I get it. Well, I get the general drift. But, I just can’t seem to choke down all the Kool-Aid.
I imagine a number of factors are to blame. I’m an only child. I grew up without a father. I think the survival of the planet hinges on population reduction. Blah, blah, blah.
But, recently, I had a mini revelation. I’ve lived (for longer than I care to admit) with the general belief that serious life decisions and responsibilities are handled by adults. Grownups are experienced, knowledgable, and capable of tackling whatever unplanned catastrophes happen to surface. They can get married, buy houses, have children, organize barbecues, and generally have a damn fine time.

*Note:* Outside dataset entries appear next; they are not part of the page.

(* For every planar forest $F$, $\Delta(F)=\sum_{c\in \mathrm{Adm}^l(F)}P^c(F)\otimes R^c(F)+F\otimes 1+1\otimes F$.
   Context: Planar rooted trees have their children linearly ordered left to right; a planar forest is a finite, possibly empty, sequence of planar rooted trees ($1$ = empty forest); $\mathcal{H}$ is the free associative unital algebra over a field $K$ on planar rooted trees, with basis the planar forests and product concatenation. $B^+(F)$ is the tree obtained by grafting the trees of the forest $F$ (in order) on a new common root; $\varepsilon(F)=\delta_{F,1}$. $\Delta:\mathcal{H}\to\mathcal{H}\otimes\mathcal{H}$ is the unique linear map with $\Delta(1)=1\otimes1$, $\Delta(xy)=(x\otimes1)\Delta(y)+\Delta(x)(1\otimes y)-x\otimes y$ and $\Delta(B^+(x))=B^+(x)\otimes 1+(\mathrm{Id}\otimes B^+)\Delta(x)$ for all $x,y\in\mathcal{H}$. Orders on the vertices of a nonempty forest $F=t_1\cdots t_n$: $s\geq_{high}s'$ iff $s'=s$ or $s'$ is an ancestor of $s$. If $s,s'$ are incomparable for $\geq_{high}$, then $s\geq_{left}s'$ iff either $s\in t_i$, $s'\in t_j$ with $i<j$, or $s,s'$ lie in the same $t_i$ and $s\geq_{left}s'$ in the forest obtained from $t_i$ by deleting its root (recursive definition). $s\geq_{h,l}s'$ iff $s\geq_{high}s'$ or $s\geq_{left}s'$; this is a total order. Admissible cuts: add to each tree of $F$ an imaginary edge below its root. An admissible cut $c$ is a nonempty set of edges (real edges or imaginary root-edges) such that every path from the base of a tree to a leaf contains at most one edge of $c$, and which is not the total cut (consisting of all root-edges). $P^c(F)$ is the planar forest formed by the vertices lying above an edge of $c$ (i.e. whose path to the base contains an edge of $c$), and $R^c(F)$ the planar forest formed by the remaining vertices, with induced edges and left-right orders. Writing the vertices of $F$ as $s_1\geq_{h,l}\cdots\geq_{h,l}s_n$, an admissible cut $c$ is left-admissible if there is $k$ such that the vertices of $P^c(F)$ are exactly $s_1,\dots,s_k$; $\mathrm{Adm}^l(F)$ is the set of left-admissible cuts. *)

theory Defs
  imports Main "HOL-Library.Poly_Mapping" "HOL-Library.Sublist"
begin

text \<open>A planar rooted tree is a root together with the (left-to-right ordered)
  list of its subtrees; a planar forest is a list of planar rooted trees.
  The empty forest is the unit 1.\<close>

datatype ptree = Node "ptree list"

type_synonym forest = "ptree list"

definition Bplus_f :: "forest \<Rightarrow> forest" where
  "Bplus_f F = [Node F]"

text \<open>H: finitely supported K-linear combinations of planar forests.
  H tensor H: finitely supported K-linear combinations of pairs of forests
  (the pair (F,G) standing for F tensor G).\<close>

type_synonym 'k H = "forest \<Rightarrow>\<^sub>0 'k"
type_synonym 'k HH = "(forest \<times> forest) \<Rightarrow>\<^sub>0 'k"
(* Assume $|V|\ge2$ and let $a\in\mathbb{R}$. If $\underline\kappa(x,y)\ge a$ for all $x,y\in V$ with $x\sim y$ and $x\ne y$, then $\underline\kappa(x,y)\ge a$ for all $x,y\in V$ with $x\ne y$. In particular $\inf_{x\sim y,\,x\ne y}\underline\kappa(x,y)=\inf_{x\ne y}\underline\kappa(x,y)$.
   Context: Let $H=(V,E,w)$ be a weighted hypergraph: $V$ is a finite set, $E$ a set of nonempty subsets of $V$, $w\colon E\to\mathbb{R}_{>0}$. Write $x\sim y$ if some $e\in E$ contains both; $H$ is assumed connected. The degree is $d_x=\sum_{e\ni x}w_e>0$, $D=\mathrm{diag}(d_x)$. The distance $d(x,y)$ is the minimal $n$ with a chain $x=z_0\sim\cdots\sim z_n=y$. $\delta_x$ is the indicator of $x$. $\mathbb{R}^V$ carries the inner product $\langle f,g\rangle=\sum_x f(x)g(x)/d_x$ with norm $\|\cdot\|$. For $e\in E$ let $B_e=\mathrm{Conv}\{\delta_x-\delta_y : x,y\in e\}$. The multivalued hypergraph Laplacian is $L(f)=\{\sum_{e}w_e\mathtt{b}_e(\mathtt{b}_e^\top f) : \mathtt{b}_e\in\operatorname{argmax}_{\mathtt b\in B_e}\mathtt b^\top f\}$ and the normalized Laplacian is $\mathcal{L}f=L(D^{-1}f)$, a maximal monotone operator on $(\mathbb{R}^V,\langle\cdot,\cdot\rangle)$. For $\lambda>0$ the resolvent $J_\lambda=(I+\lambda\mathcal L)^{-1}$ is a single-valued map $\mathbb{R}^V\to\mathbb{R}^V$ (equivalently $J_\lambda f=\operatorname{argmin}_g\{\frac{1}{2\lambda}\|f-g\|^2+Q(D^{-1}g)\}$, $Q(g)=\frac12\sum_e w_e\max_{x,y\in e}(g(x)-g(y))^2$). A function $f$ is weighted $1$-Lipschitz if $|f(x)/d_x-f(y)/d_y|\le d(x,y)$ for all $x,y$; $\mathrm{Lip}^1_w(V)$ denotes the set of such functions. $\mathrm{KD}_\lambda(x,y)=\sup\{\langle J_\lambda f,\delta_x-\delta_y\rangle : f\in\mathrm{Lip}^1_w(V)\}$. For $x\ne y$: $\kappa_\lambda(x,y)=1-\mathrm{KD}_\lambda(x,y)/d(x,y)$ and $\underline\kappa(x,y)=\liminf_{\lambda\downarrow0}\kappa_\lambda(x,y)/\lambda$. *)

theory Defs
  imports "HOL-Analysis.Analysis" "HOL-Library.Liminf_Limsup"
begin

text \<open>Weighted hypergraph on a finite vertex type 'v (V = UNIV), hyperedges E, weights w.
  Functions on V are vectors real^'v.\<close>

definition hdeg :: "'v set set \<Rightarrow> ('v set \<Rightarrow> real) \<Rightarrow> 'v \<Rightarrow> real" where
  "hdeg E w x = (\<Sum>e\<in>{e\<in>E. x \<in> e}. w e)"

definition hadj :: "'v set set \<Rightarrow> 'v \<Rightarrow> 'v \<Rightarrow> bool" where
  "hadj E x y \<longleftrightarrow> (\<exists>e\<in>E. x \<in> e \<and> y \<in> e)"

definition hdist :: "'v set set \<Rightarrow> 'v \<Rightarrow> 'v \<Rightarrow> nat" where
  "hdist E x y = (LEAST n. (hadj E ^^ n) x y)"
lemma partition_distance_eq_1_iff:
  assumes "finite S" "partition_on S P" "partition_on S Q"
  shows "partition_distance S P Q = 1 \<longleftrightarrow> P \<noteq> Q \<and> (\<exists>x\<in>S. agree_off S x P Q)"
proof -
  define M where
    "M = {card X | X. X \<subseteq> S \<and> restrict_partition P (S - X) = restrict_partition Q (S - X)}"
  have "M \<subseteq> card ` Pow S"
    by (auto simp: M_def)
  then have "finite M"
    using \<open>finite S\<close> by (simp add: finite_subset)
  have "card S \<in> M"
    by (auto simp: M_def restrict_partition_def intro!: exI[of _ S])
  have "0 \<in> M \<longleftrightarrow> P = Q"
  proof -
    have "0 \<in> M \<longleftrightarrow> restrict_partition P S = restrict_partition Q S"
    proof
      assume "0 \<in> M"
      then obtain X where "card X = 0" "X \<subseteq> S"
        "restrict_partition P (S - X) = restrict_partition Q (S - X)"
        by (auto simp: M_def)
      then show "restrict_partition P S = restrict_partition Q S"
        using \<open>finite S\<close> by (simp add: finite_subset)
    next
      assume "restrict_partition P S = restrict_partition Q S"
      then show "0 \<in> M"
        unfolding M_def by (intro CollectI exI[of _ "{}"]) simp
    qed
    also have "\<dots> \<longleftrightarrow> P = Q"
      using restrict_partition_eq_iff[OF assms(2,3) order_refl]
        partition_on_eqI_same_block[OF assms(2,3)]
      by auto
    finally show ?thesis .
  qed
  moreover have "1 \<in> M \<longleftrightarrow> (\<exists>x\<in>S. agree_off S x P Q)"
  proof
    assume "1 \<in> M"
    then obtain X where "card X = 1" "X \<subseteq> S"
      "restrict_partition P (S - X) = restrict_partition Q (S - X)"
      by (auto simp: M_def)
    then show "\<exists>x\<in>S. agree_off S x P Q"
      by (auto simp: card_1_singleton_iff restrict_partition_remove_eq_iff[OF assms(2,3)])
  next
    assume "\<exists>x\<in>S. agree_off S x P Q"
    then obtain x where "x \<in> S" "restrict_partition P (S - {x}) = restrict_partition Q (S - {x})"
      using restrict_partition_remove_eq_iff[OF assms(2,3)] by blast
    then show "1 \<in> M"
      unfolding M_def by (intro CollectI exI[of _ "{x}"]) simp
  qed
  moreover have "(\<forall>a\<in>M. 1 \<le> a) \<longleftrightarrow> 0 \<notin> M"
    by (metis less_one not_le)
  ultimately have "Min M = 1 \<longleftrightarrow> P \<noteq> Q \<and> (\<exists>x\<in>S. agree_off S x P Q)"
    using Min_eq_iff[OF \<open>finite M\<close>, of 1] \<open>card S \<in> M\<close> by blast
  then show ?thesis
    by (simp add: partition_distance_def M_def)
qed

lemma partition_on_eqI_agree_off:
  assumes "partition_on S P" "partition_on S Q" "agree_off S x P Q"
    and "\<And>b. b \<in> S \<Longrightarrow> same_block P x b \<longleftrightarrow> same_block Q x b"
  shows "P = Q"
proof (rule partition_on_eqI_same_block[OF assms(1,2)])
  fix a b assume "a \<in> S" "b \<in> S"
  consider "a = x" | "b = x" | "a \<noteq> x" "b \<noteq> x"
    by blast
  then show "same_block P a b \<longleftrightarrow> same_block Q a b"
  proof cases
    case 1
    then show ?thesis
      using assms(4)[OF \<open>b \<in> S\<close>] by simp
  next
    case 2
    then show ?thesis
      using assms(4)[OF \<open>a \<in> S\<close>] same_block_sym by metis
  next
    case 3
    then show ?thesis
      using agree_offD[OF assms(3) \<open>a \<in> S\<close> \<open>b \<in> S\<close>] by simp
  qed
qed

lemma agree_off_eqI:
  assumes P: "partition_on S P" and Q: "partition_on S Q" and "agree_off S x P Q"
    and u: "u \<in> S" "u \<noteq> x" "same_block P x u" "same_block Q x u"
  shows "P = Q"
proof (rule partition_on_eqI_agree_off[OF P Q \<open>agree_off S x P Q\<close>])
  fix b assume "b \<in> S"
  show "same_block P x b \<longleftrightarrow> same_block Q x b"
  proof (cases "b = x")
    case True
    then show ?thesis
      using same_block_trans[OF P u(3) same_block_sym[OF u(3)]]
        same_block_trans[OF Q u(4) same_block_sym[OF u(4)]] by simp
  next
    case False
    have "same_block P x b \<longleftrightarrow> same_block P u b"
      using same_block_trans[OF P] same_block_sym u(3) by metis
    also have "\<dots> \<longleftrightarrow> same_block Q u b"
      using agree_offD[OF \<open>agree_off S x P Q\<close> u(1) \<open>b \<in> S\<close> u(2) False] .
    also have "\<dots> \<longleftrightarrow> same_block Q x b"
      using same_block_trans[OF Q] same_block_sym u(4) by metis
    finally show ?thesis .
  qed
qed

lemma same_block_singleton:
  assumes "partition_on S P" "{x} \<in> P"
  shows "same_block P x b \<longleftrightarrow> b = x"
proof
  assume "same_block P x b"
  then obtain B where "B \<in> P" "x \<in> B" "b \<in> B"
    by (auto simp: same_block_def)
  moreover from this have "B = {x}"
    using partition_on_block_eq[OF assms(1) _ assms(2)] by blast
  ultimately show "b = x"
    by simp
qed (use assms(2) in \<open>auto simp: same_block_def\<close>)

lemma agree_off_singleton_eq:
  assumes "finite S" and P: "partition_on S P" and Q: "partition_on S Q" and "card P = card Q"
    and "agree_off S x P Q" "{x} \<in> P"
  shows "P = Q"
proof -
  have "finite P" "finite Q"
    using \<open>finite S\<close> P Q by (simp_all add: finite_elements)
  have "restrict_partition P (S - {x}) = restrict_partition Q (S - {x})"
    using \<open>agree_off S x P Q\<close> restrict_partition_remove_eq_iff[OF P Q] by simp
  then have "card (P - {{x}}) = card (Q - {{x}})"
    by (metis card_restrict_partition_remove[OF P] card_restrict_partition_remove[OF Q])
  \<comment> \<open>Removing \<open>x\<close> loses a block of \<open>P\<close>, so it must lose one of \<open>Q\<close> as well.\<close>
  moreover have "card (P - {{x}}) < card P"
    using \<open>finite P\<close> \<open>{x} \<in> P\<close> by (rule card_Diff1_less)
  ultimately have "{x} \<in> Q"
    using \<open>card P = card Q\<close> by (metis Diff_empty Diff_insert0 less_irrefl)
  then show ?thesis
    using partition_on_eqI_agree_off[OF P Q \<open>agree_off S x P Q\<close>]
      same_block_singleton[OF P \<open>{x} \<in> P\<close>] same_block_singleton[OF Q] by simp
qed

section \<open>Cliques of partitions differing in one point\<close>

definition differ_only_at :: "'a set \<Rightarrow> 'a \<Rightarrow> 'a set set \<Rightarrow> 'a set set \<Rightarrow> bool" where
  "differ_only_at S x P Q \<longleftrightarrow> partition_on S P \<and> partition_on S Q \<and> card P = card Q \<and>
     x \<in> S \<and> P \<noteq> Q \<and> agree_off S x P Q"

lemma differ_only_at_sym: "differ_only_at S x P Q \<Longrightarrow> differ_only_at S x Q P"
  by (auto simp: differ_only_at_def agree_off_sym)

lemma differ_only_at_separates:
  assumes "differ_only_at S x P Q" "u \<in> S" "u \<noteq> x" "same_block P x u"
  shows "\<not> same_block Q x u"
  using assms agree_off_eqI[of S P Q x u] by (auto simp: differ_only_at_def)

lemma differ_only_at_partner:
  assumes "finite S" "differ_only_at S x P Q"
  obtains u where "u \<in> S" "u \<noteq> x" "same_block P x u" "\<not> same_block Q x u"
proof -
  have P: "partition_on S P" and "x \<in> S"
    using assms(2) by (auto simp: differ_only_at_def)
  have "\<exists>u\<in>S. u \<noteq> x \<and> same_block P x u"
  proof (rule ccontr)
    assume no_partner: "\<not> (\<exists>u\<in>S. u \<noteq> x \<and> same_block P x u)"
    then have "{u. same_block P x u} = {x}"
      using same_block_in[OF P] same_block_refl[OF P \<open>x \<in> S\<close>] by blast
    then have "{x} \<in> P"
      using block_in_partition[OF P \<open>x \<in> S\<close>] by simp
    then show False
      using assms agree_off_singleton_eq[of S P Q x] by (auto simp: differ_only_at_def)
  qed
  then show ?thesis
    using that differ_only_at_separates[OF assms(2)] by blast
qed

definition partition_triangle ::
    "'a set \<Rightarrow> 'a \<Rightarrow> 'a \<Rightarrow> 'a \<Rightarrow> 'a set set \<Rightarrow> 'a set set \<Rightarrow> 'a set set \<Rightarrow> bool" where
  "partition_triangle S x y z P Q R \<longleftrightarrow>
     differ_only_at S x P Q \<and> differ_only_at S y P R \<and> differ_only_at S z Q R \<and> x \<noteq> y"

lemma partition_triangle_swap:
  "partition_triangle S x y z P Q R \<Longrightarrow> partition_triangle S y x z P R Q"
  by (auto simp: partition_triangle_def differ_only_at_sym)

text \<open>If neither \<open>y\<close> nor \<open>z\<close> lies in \<open>{x, v}\<close>, then \<open>R\<close> agrees with both \<open>P\<close> and \<open>Q\<close> on this pair.\<close>

lemma triangle_disagreement:
  assumes "partition_triangle S x y z P Q R"
    and "v \<in> S" "v \<noteq> x" "same_block P x v \<longleftrightarrow> \<not> same_block Q x v"
  shows "v = y \<or> z = x \<or> z = v"
proof -
  have "agree_off S y P R" "agree_off S z Q R" "x \<in> S" "x \<noteq> y"
    using assms(1) by (auto simp: partition_triangle_def differ_only_at_def)
  then show ?thesis
    using assms(2-4) agree_offD[of S y P R x v] agree_offD[of S z Q R x v] by auto
qed

lemma triangle_apex_ne:
  assumes "finite S" "partition_triangle S x y z P Q R"
  shows "z \<noteq> x" "z \<noteq> y"
proof -
  have ne_y: "z \<noteq> y" if "partition_triangle S x y z P Q R" for x y z P Q R
  proof
    assume "z = y"
    have PQ: "differ_only_at S x P Q" and "x \<noteq> y"
      using that by (simp_all add: partition_triangle_def)
    obtain a where a: "a \<in> S" "a \<noteq> x" "same_block P x a" "\<not> same_block Q x a"
      using differ_only_at_partner[OF \<open>finite S\<close> PQ] .
    obtain b where b: "b \<in> S" "b \<noteq> x" "same_block Q x b" "\<not> same_block P x b"
      using differ_only_at_partner[OF \<open>finite S\<close> differ_only_at_sym[OF PQ]] .
    have "a = y" "b = y"
      using triangle_disagreement[OF that a(1,2)] triangle_disagreement[OF that b(1,2)]
        a(3,4) b(3,4) \<open>z = y\<close> \<open>x \<noteq> y\<close> by auto
    then show False
      using a(3) b(4) by simp
  qed
  show "z \<noteq> x"
    using ne_y[OF partition_triangle_swap[OF assms(2)]] .
  show "z \<noteq> y"
    using ne_y[OF assms(2)] .
qed

lemma triangle_same_block:
  assumes "finite S" "partition_triangle S x y z P Q R"
  shows "same_block P x y"
proof (rule ccontr)
  assume "\<not> same_block P x y"
  have P: "partition_on S P" and PQ: "differ_only_at S x P Q" and PR: "differ_only_at S y P R"
    using assms(2) by (auto simp: partition_triangle_def differ_only_at_def)
  obtain a where a: "a \<in> S" "a \<noteq> x" "same_block P x a" "\<not> same_block Q x a"
    using differ_only_at_partner[OF \<open>finite S\<close> PQ] .
  then have "same_block P x z"
    using triangle_disagreement[OF assms(2) a(1,2)] triangle_apex_ne[OF assms] \<open>\<not> same_block P x y\<close>
    by auto
  obtain c where c: "c \<in> S" "c \<noteq> y" "same_block P y c" "\<not> same_block R y c"
    using differ_only_at_partner[OF \<open>finite S\<close> PR] .
  then have "same_block P y z"
    using triangle_disagreement[OF partition_triangle_swap[OF assms(2)] c(1,2)]
      triangle_apex_ne[OF assms] \<open>\<not> same_block P x y\<close> same_block_sym[of P y x] by auto
  then show False
    using \<open>\<not> same_block P x y\<close> same_block_trans[OF P \<open>same_block P x z\<close> same_block_sym] by blast
qed
lemma has_integral_vector_of_pair:
  fixes H :: "real \<times> real \<Rightarrow> real"
  assumes "(H has_integral I) (cbox (a1, a2) (b1, b2))"
  shows "((\<lambda>v::real^2. H (v$1, v$2)) has_integral I) (cbox (vector [a1, a2]) (vector [b1, b2]))"
proof -
  have "((\<lambda>v::real^2. H (v$1, v$2)) has_integral I)
          (cbox ((\<lambda>p. vector [fst p, snd p]) (a1, a2)) ((\<lambda>p. vector [fst p, snd p]) (b1, b2)))"
  proof (rule has_integral_coordinate_iso[where g="\<lambda>v::real^2. (v$1, v$2)" and h="\<lambda>p. vector [fst p, snd p] :: real^2", OF _ _ _ _ _ assms])
    show "linear (\<lambda>v::real^2. (v$1, v$2))" by (auto intro!: linearI)
    show "Henstock_Kurzweil_Integration.content (cbox (u$1, u$2) (v$1, v$2))
        = Henstock_Kurzweil_Integration.content (cbox u v)" for u v :: "real^2"
      unfolding content_Pair content_cbox_real2 by (simp add: cbox_interval)
  qed (auto simp: vec_eq_iff forall_2 mem_box_cart)
  then show ?thesis by simp
qed

lemma has_integral_complex_of_vector_cbox:
  fixes F :: "real^2 \<Rightarrow> real"
  assumes "(F has_integral I) (cbox a b)"
  shows "((\<lambda>z. F (vector [Re z, Im z])) has_integral I) (cbox (Complex (a$1) (a$2)) (Complex (b$1) (b$2)))"
proof (rule has_integral_coordinate_iso[where h="\<lambda>v. Complex (v$1) (v$2)", OF _ _ _ _ _ assms])
  show "linear (\<lambda>z. vector [Re z, Im z] :: real^2)"
    by (auto intro!: linearI simp: vec_eq_iff forall_2)
  show "Henstock_Kurzweil_Integration.content (cbox (vector [Re u, Im u]) (vector [Re v, Im v]) :: (real^2) set)
      = Henstock_Kurzweil_Integration.content (cbox u v)" for u v
    by (simp add: content_cbox_real2 content_cbox_if Basis_complex_def box_eq_empty content_real_if)
qed (auto simp: vec_eq_iff forall_2 mem_box_cart in_cbox_complex_iff complex_eq_iff)
(* Let $q$ be an odd prime power, $P\in\mathbb{F}_q[T]$ monic irreducible, $h=(h_1,\dots,h_k)$ a $k$-tuple of pairwise distinct polynomials, and fix an integer $\nu>\nu_h(P)$. (1) If $\chi_q(P)=-1$, then $\delta_{q,h}(P)=|P|^{-\nu}\big(\#\Omega^*_{q,h}(P^\nu)+\frac{1}{|P|+1}\#\Omega_{q,h}(P^\nu)\big)$ if $\nu$ is odd, and $\delta_{q,h}(P)=|P|^{-\nu}\big(\#\Omega^*_{q,h}(P^\nu)+\frac{|P|}{|P|+1}\#\Omega_{q,h}(P^\nu)\big)$ if $\nu$ is even. (2) If $\chi_q(P)=0$, then $\delta_{q,h}(P)=|P|^{-\nu}\big(\#\Omega^*_{q,h}(P^\nu)+\frac12\#\Omega_{q,h}(P^\nu)\big)$.
   Context: $|P|=q^{\deg P}$; $v_P$ the $P$-adic valuation; $\chi_q(f)=0$ if $f(0)=0$, $1$ if $f(0)$ is a nonzero square in $\mathbb{F}_q$, $-1$ otherwise. $\mathcal{A}_q(P^\nu)=\{A^2+TB^2\bmod P^\nu:A,B\in\mathbb{F}_q[T]\}$, $\mathcal{A}_{q,h}(P^\nu)=\{f\bmod P^\nu:f+h_i\in\mathcal{A}_q(P^\nu)\ \forall i\}$, $\delta_{q,h}(P)=\lim_{\nu\to\infty}|P|^{-\nu}\#\mathcal{A}_{q,h}(P^\nu)$. $\nu_h(P)=\max_{i\ne j}v_P(h_i-h_j)$ (taken as $0$ if $k=1$). $\Omega_{q,h}(P^\nu)=\{f\in\mathcal{A}_{q,h}(P^\nu):\exists i\ f+h_i\equiv0\bmod P^\nu\}$ and $\Omega^*_{q,h}(P^\nu)=\{f\in\mathcal{A}_{q,h}(P^\nu):\forall i\ f+h_i\not\equiv0\bmod P^\nu\}$. *)

theory Defs
  imports "HOL-Analysis.Analysis" "HOL-Computational_Algebra.Computational_Algebra"
begin

text \<open>Polynomials over the finite field F_q are modelled as 'a poly with
  'a :: {finite, field}; q = CARD('a). Residues modulo M are represented by
  their canonical remainders f mod M.\<close>

definition absP :: "'a::{finite,field_gcd} poly \<Rightarrow> real" where
  "absP P = real (CARD('a)) ^ degree P"

definition chi_q :: "'a::{finite,field_gcd} poly \<Rightarrow> int" where
  "chi_q f = (if coeff f 0 = 0 then 0
              else if (\<exists>c. coeff f 0 = c ^ 2) then 1 else -1)"

definition A_q :: "'a::{finite,field_gcd} poly \<Rightarrow> 'a poly set" where
  "A_q M = {(A ^ 2 + [:0, 1:] * B ^ 2) mod M | A B. True}"

definition A_qh :: "'a::{finite,field_gcd} poly list \<Rightarrow> 'a poly \<Rightarrow> 'a poly set" where
  "A_qh hs M = {f mod M | f. \<forall>i<length hs. (f + hs ! i) mod M \<in> A_q M}"

definition delta_qh :: "'a::{finite,field_gcd} poly list \<Rightarrow> 'a poly \<Rightarrow> real" where
  "delta_qh hs P = lim (\<lambda>n. real (card (A_qh hs (P ^ n))) / absP P ^ n)"

definition nu_h :: "'a::{finite,field_gcd} poly list \<Rightarrow> 'a poly \<Rightarrow> nat" where
  "nu_h hs P = Max ({multiplicity P (hs ! i - hs ! j) | i j.
                      i < length hs \<and> j < length hs \<and> i \<noteq> j} \<union> {0})"

definition Omega_qh :: "'a::{finite,field_gcd} poly list \<Rightarrow> 'a poly \<Rightarrow> 'a poly set" where
  "Omega_qh hs M = {f \<in> A_qh hs M. \<exists>i<length hs. (f + hs ! i) mod M = 0}"

definition Omega_star_qh :: "'a::{finite,field_gcd} poly list \<Rightarrow> 'a poly \<Rightarrow> 'a poly set" where
  "Omega_star_qh hs M = {f \<in> A_qh hs M. \<forall>i<length hs. (f + hs ! i) mod M \<noteq> 0}"

end

theory Submission
  imports Defs
begin

text \<open>Each residue \<open>s\<close> modulo \<open>P^n\<close> has \<open>|P|\<close> lifts \<open>s + P^n t\<close> modulo \<open>P^(n+1)\<close>. For
  \<open>n \<ge> \<nu>\<close> at most one shift \<open>s + h\<^sub>i\<close> is divisible by \<open>P^n\<close>, and since \<open>q\<close> is odd a Hensel
  argument shows that representability by \<open>A^2 + T B^2\<close> lifts automatically for every shift not
  divisible by \<open>P^n\<close>. So every element of \<open>\<Omega>\<^sup>*\<close> has all \<open>|P|\<close> lifts in \<open>A\<close>, while an element
  of \<open>\<Omega>\<close> has \<open>E\<^sub>n\<close> lifts in \<open>A\<close>, exactly one of them in \<open>\<Omega>\<close>; here \<open>E\<^sub>n\<close> counts the residues \<open>t\<close>
  with \<open>P^n t\<close> representable modulo \<open>P^(n+1)\<close>. Hence \<open>#\<Omega>(P^n)\<close> is constant and
  \<open>#A(P^(n+1)) = |P| (#A(P^n) - #\<Omega>) + E\<^sub>n #\<Omega>\<close>, a linear recursion that is solved explicitly.
  If \<open>\<chi>(P) = -1\<close> then \<open>-T\<close> is not a square modulo \<open>P\<close>, the form is anisotropic modulo \<open>P\<close> and
  \<open>E\<^sub>n\<close> is \<open>|P|\<close> or \<open>1\<close> according to the parity of \<open>n\<close>; if \<open>\<chi>(P) = 0\<close> then \<open>P = T\<close> and
  \<open>E\<^sub>n = (q + 1) / 2\<close> is the number of squares in \<open>\<bbbF>\<^sub>q\<close>.\<close>

lemma of_nat_CARD_eq_0: "of_nat CARD('a::{finite,ring_1}) = (0::'a)"
proof -
  have "bij_betw (\<lambda>x::'a. x + 1) UNIV UNIV"
    by (rule bij_betwI[where g = "\<lambda>x. x - 1"]) auto
  then have "(\<Sum>x\<in>UNIV. x + 1) = (\<Sum>x\<in>UNIV. x :: 'a)"
    by (rule sum.reindex_bij_betw)
  then show ?thesis
    by (simp add: sum.distrib)
qed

Well, now I’m considerably deep into this “adulthood” everyone keeps talking about, and I don’t feel I have even the simplest skill set required to navigate that world. So, since I live in a constant state of contemplation, I’ve arrived at a couple of conclusions.
1) It’s difficult to foster someone else’s childhood when you still want to revisit your own.
-Many thanks to Mom for this one. Ages 0-18 were a self-actualized dream come to life…full of wonder, hope, love, excitement, and security. Sure, there was one major bump on that perfectly-paved road, but that’s why George Hansburg made the pogo stick.
2) You can’t have a kid when you still ARE a kid.
-Obviously, this isn’t true. Every major city in America proves this thesis false on a daily basis. But, I’m referring to a state of mind. Undoubtedly, there are some who would argue I’m a 90-year-old man, living in the body of a weird, writing hermit. However, habitual handcuffs and erratic sleeping patterns aside, I watch the world with the same discerning eyes I had at 15. Maybe everyone feels like that. There’s a saying that we never realize we age until we catch a glimpse of ourselves in the mirror. Well, that may very well be the case. Regardless, these teenage peepers still see the news of impending fatherhood with the same, balanced mix of pity and terror. It’s not celebration. It’s sympathy.
But, I suppose there’s some future awakening or dormant life event waiting to flip those tables and make me one of the “normals.” Anything is possible.